#### WHAT IS BEING ASKED
The response must contain every line below in which "open" appears.

——

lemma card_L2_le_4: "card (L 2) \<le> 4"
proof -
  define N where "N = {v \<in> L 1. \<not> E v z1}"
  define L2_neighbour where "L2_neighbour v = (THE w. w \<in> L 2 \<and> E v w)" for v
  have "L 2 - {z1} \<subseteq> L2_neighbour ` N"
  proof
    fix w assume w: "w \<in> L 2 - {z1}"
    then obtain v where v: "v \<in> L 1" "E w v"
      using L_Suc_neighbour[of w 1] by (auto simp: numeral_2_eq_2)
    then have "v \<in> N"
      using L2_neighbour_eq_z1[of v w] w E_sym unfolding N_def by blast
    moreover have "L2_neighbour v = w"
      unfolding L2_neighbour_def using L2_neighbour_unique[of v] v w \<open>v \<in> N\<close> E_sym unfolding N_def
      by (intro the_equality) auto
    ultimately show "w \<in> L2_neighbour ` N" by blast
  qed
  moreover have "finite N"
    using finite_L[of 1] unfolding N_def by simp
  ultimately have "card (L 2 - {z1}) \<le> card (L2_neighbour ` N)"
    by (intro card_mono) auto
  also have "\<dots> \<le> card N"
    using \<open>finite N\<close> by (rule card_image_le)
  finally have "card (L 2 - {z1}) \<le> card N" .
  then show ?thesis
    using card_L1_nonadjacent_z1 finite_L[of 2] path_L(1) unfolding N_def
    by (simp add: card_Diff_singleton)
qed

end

——

#### YOUR SOLUTION
      unfolding L2_neighbour_def using L2_neighbour_unique[of v] v w \<open>v \<in> N\<close> E_sym unfolding N_def
    using \<open>finite N\<close> by (rule card_image_le)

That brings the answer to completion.